Transcribe word for word the lines below from the line with "using a c' g_closed" through the line with "c]] by blast", ends included.

-- Task inputs follows --

lemma subgroup_circ_stabiliser_mod:
  assumes I: "brace_ideal I"
  shows "subgroup (stabiliser_mod I) C"
proof (rule C.subgroupI)
  interpret I: subgroup I A using brace_ideal_subgroup_add[OF I] .
  show "stabiliser_mod I \<subseteq> carrier C" unfolding stabiliser_mod_def by auto
  have "\<zero>\<^sub>A \<in> stabiliser_mod I" unfolding stabiliser_mod_def using g_closed by simp
  then show "stabiliser_mod I \<noteq> {}" by blast
next
  interpret I: subgroup I A using brace_ideal_subgroup_add[OF I] .
  fix c assume "c \<in> stabiliser_mod I"
  then have c: "c \<in> carrier A" and h: "-\<^sub>A g +\<^sub>A \<lambda>\<^sub>A c g \<in> I" unfolding stabiliser_mod_def by auto
  have "-\<^sub>A g +\<^sub>A \<lambda>\<^sub>A (c\<^sup>-) g = \<lambda>\<^sub>A (c\<^sup>-) (-\<^sub>A (-\<^sub>A g +\<^sub>A \<lambda>\<^sub>A c g))"
    using c g_closed by (simp add: neg_diff lambda_add lambda_neg)
  then show "c\<^sup>- \<in> stabiliser_mod I"
    unfolding stabiliser_mod_def using c brace_ideal_lambda_closed[OF I _ I.m_inv_closed[OF h]] by simp
next
  interpret I: subgroup I A using brace_ideal_subgroup_add[OF I] .
  fix c d assume "c \<in> stabiliser_mod I" "d \<in> stabiliser_mod I"
  then have c: "c \<in> carrier A" and hc: "-\<^sub>A g +\<^sub>A \<lambda>\<^sub>A c g \<in> I"
    and d: "d \<in> carrier A" and hd: "-\<^sub>A g +\<^sub>A \<lambda>\<^sub>A d g \<in> I"
    unfolding stabiliser_mod_def by auto
  have "-\<^sub>A g +\<^sub>A \<lambda>\<^sub>A (c \<circ>\<^sub>A d) g = \<lambda>\<^sub>A c (-\<^sub>A g +\<^sub>A \<lambda>\<^sub>A d g) +\<^sub>A (-\<^sub>A g +\<^sub>A \<lambda>\<^sub>A c g)"
    using c d g_closed by (simp add: lambda_add lambda_neg lambda_circ neg_add_chain)
  then show "c \<circ>\<^sub>A d \<in> stabiliser_mod I"
    unfolding stabiliser_mod_def
    using c d I.m_closed[OF brace_ideal_lambda_closed[OF I c hd] hc] by simp
qed

end

locale dedekind_brace_orbit = brace_orbit +
  assumes dedekind: "dedekind_group C"
begin

text \<open>The only use of the Dedekind hypothesis.\<close>
lemma socle_over_eq_stabiliser_mod:
  assumes I: "brace_ideal I"
  shows "socle_over I = stabiliser_mod I"
proof
  show "socle_over I \<subseteq> stabiliser_mod I"
    unfolding socle_over_def stabiliser_mod_def using g_closed by blast
next
  show "stabiliser_mod I \<subseteq> socle_over I"
  proof
    fix c assume c_stab: "c \<in> stabiliser_mod I"
    then have c: "c \<in> carrier A" unfolding stabiliser_mod_def by blast
    interpret St: normal "stabiliser_mod I" C
      using dedekind subgroup_circ_stabiliser_mod[OF I] unfolding dedekind_group_def by blast
    have "\<lambda>\<^sub>A a g \<in> {u \<in> carrier A. -\<^sub>A u +\<^sub>A \<lambda>\<^sub>A c u \<in> I}" if a: "a \<in> carrier A" for a
    proof -
      define c' where "c' = a\<^sup>- \<circ>\<^sub>A c \<circ>\<^sub>A a"
      have "c' \<in> stabiliser_mod I" unfolding c'_def using St.inv_op_closed1 a c_stab by simp
      then have c': "c' \<in> carrier A" and h: "-\<^sub>A g +\<^sub>A \<lambda>\<^sub>A c' g \<in> I"
        unfolding stabiliser_mod_def by auto
      have "c \<circ>\<^sub>A a = a \<circ>\<^sub>A c'" unfolding c'_def using a c by (simp add: C.m_assoc[symmetric])
      then have "\<lambda>\<^sub>A c (\<lambda>\<^sub>A a g) = \<lambda>\<^sub>A a (\<lambda>\<^sub>A c' g)"
        using a c c' g_closed by (metis lambda_circ)
      then have "-\<^sub>A \<lambda>\<^sub>A a g +\<^sub>A \<lambda>\<^sub>A c (\<lambda>\<^sub>A a g) = \<lambda>\<^sub>A a (-\<^sub>A g +\<^sub>A \<lambda>\<^sub>A c' g)"
        using a c' g_closed by (simp add: lambda_add lambda_neg)
      then show ?thesis using brace_ideal_lambda_closed[OF I a h] a g_closed by simp
    qed
    then have "carrier A \<subseteq> {u \<in> carrier A. -\<^sub>A u +\<^sub>A \<lambda>\<^sub>A c u \<in> I}"
      using carrier_subset_subgroup_of_orbit[OF lambda_defect_subgroup[OF I c]] by blast
    then show "c \<in> socle_over I" unfolding socle_over_def using c by blast
  qed
qed

lemma orbit_rcong_iff:
  assumes I: "brace_ideal I" and x: "x \<in> carrier A" and y: "y \<in> carrier A"
  shows "(\<lambda>\<^sub>A x g, \<lambda>\<^sub>A y g) \<in> rcong\<^bsub>A\<^esub> I \<longleftrightarrow> (x, y) \<in> rcong\<^bsub>A\<^esub> (socle_over I)"
proof -
  have "(\<lambda>\<^sub>A x g, \<lambda>\<^sub>A y g) \<in> rcong\<^bsub>A\<^esub> I \<longleftrightarrow> \<lambda>\<^sub>A (x\<^sup>-) (-\<^sub>A \<lambda>\<^sub>A x g +\<^sub>A \<lambda>\<^sub>A y g) \<in> I"
    unfolding r_congruent_def using brace_ideal_lambda_iff[OF I] x y g_closed by simp
  also have "\<lambda>\<^sub>A (x\<^sup>-) (-\<^sub>A \<lambda>\<^sub>A x g +\<^sub>A \<lambda>\<^sub>A y g) = -\<^sub>A g +\<^sub>A \<lambda>\<^sub>A (x\<^sup>- \<circ>\<^sub>A y) g"
    using x y g_closed by (simp add: lambda_add lambda_neg lambda_circ)
  also have "\<dots> \<in> I \<longleftrightarrow> x\<^sup>- \<circ>\<^sub>A y \<in> socle_over I"
    using socle_over_eq_stabiliser_mod[OF I] x y unfolding stabiliser_mod_def by simp
  also have "\<dots> \<longleftrightarrow> (x, y) \<in> rcong\<^bsub>A\<^esub> (socle_over I)"
    unfolding r_congruent_def using brace_ideal_neg_add_iff[OF brace_ideal_socle_over[OF I] x y] x y
    by simp
  finally show ?thesis .
qed
lemma norm_free_le_if_vanishes_on_bounded:
  fixes \<nu> :: "('a::metric_space \<Rightarrow> 'k::real_normed_field) \<Rightarrow> 'k"
  assumes \<nu>: "\<nu> \<in> free z0"
    and vanishes: "\<And>h. h \<in> lip0 z0 \<Longrightarrow> bounded (range h) \<Longrightarrow> \<nu> h = 0"
    and g: "g \<in> lip0 z0" and "e > 0"
  shows "norm (\<nu> g) \<le> 3 * e * lipconst g"
proof -
  have "\<exists>S c. finite S \<and> dnorm z0 (\<lambda>h. \<nu> h - (\<Sum>x\<in>S. c x * delta x h)) \<le> e"
    using \<nu> \<open>e > 0\<close> by (simp add: free_def)
  then obtain S c where "finite S" and dn: "dnorm z0 (\<lambda>h. \<nu> h - (\<Sum>x\<in>S. c x * delta x h)) \<le> e"
    by blast
  define \<rho> where "\<rho> = (\<lambda>h. \<nu> h - (\<Sum>x\<in>S. c x * delta x h))"
  have \<rho>: "bounded_homogeneous z0 \<rho>"
    unfolding \<rho>_def
    by (intro bounded_homogeneous_diff free_imp_bounded_homogeneous \<nu> bounded_homogeneous_delta_sum)
  from dn have "dnorm z0 \<rho> \<le> e" unfolding \<rho>_def .
  define K where "K = (\<Sum>x\<in>S. norm (g x))"
  have "0 \<le> K" by (simp add: K_def sum_nonneg)
  define gK where "gK x = radial_trunc K (g x)" for x
  have gK: "gK \<in> lip0 z0" "lipconst gK \<le> 2 * lipconst g"
    unfolding gK_def using radial_trunc_comp_lip0[OF g \<open>0 \<le> K\<close>] by auto
  have "\<nu> gK = 0"
    using gK(1) norm_radial_trunc_le[OF \<open>0 \<le> K\<close>]
    by (intro vanishes) (auto simp: gK_def bounded_iff)
  moreover have "(\<Sum>x\<in>S. c x * delta x gK) = (\<Sum>x\<in>S. c x * delta x g)"
  proof (rule sum.cong[OF refl])
    fix x assume "x \<in> S"
    then have "norm (g x) \<le> K"
      unfolding K_def using \<open>finite S\<close> by (intro member_le_sum) auto
    then show "c x * delta x gK = c x * delta x g"
      by (simp add: delta_def gK_def radial_trunc_eq_self)
  qed
  ultimately have "\<nu> g = \<rho> g - \<rho> gK" by (simp add: \<rho>_def)
  then have "norm (\<nu> g) \<le> norm (\<rho> g) + norm (\<rho> gK)"
    by (simp add: norm_triangle_ineq4)
  also have "norm (\<rho> g) \<le> dnorm z0 \<rho> * lipconst g"
    by (rule norm_le_dnorm_mult_lipconst[OF \<rho> g])
  also have "\<dots> \<le> e * lipconst g"
    by (rule mult_right_mono[OF \<open>dnorm z0 \<rho> \<le> e\<close> lip0_lipconst_nonneg[OF g]])
  also have "norm (\<rho> gK) \<le> dnorm z0 \<rho> * lipconst gK"
    by (rule norm_le_dnorm_mult_lipconst[OF \<rho> gK(1)])
  also have "\<dots> \<le> e * (2 * lipconst g)"
    using \<open>e > 0\<close> by (intro mult_mono \<open>dnorm z0 \<rho> \<le> e\<close> gK(2) lip0_lipconst_nonneg[OF gK(1)]) simp
  finally show ?thesis by simp
qed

-- Task inputs concluded --

Exercise response:
        using a c' g_closed by (simp add: lambda_add lambda_neg)
      then show ?thesis using brace_ideal_lambda_closed[OF I a h] a g_closed by simp
    qed
    then have "carrier A \<subseteq> {u \<in> carrier A. -\<^sub>A u +\<^sub>A \<lambda>\<^sub>A c u \<in> I}"
      using carrier_subset_subgroup_of_orbit[OF lambda_defect_subgroup[OF I c]] by blast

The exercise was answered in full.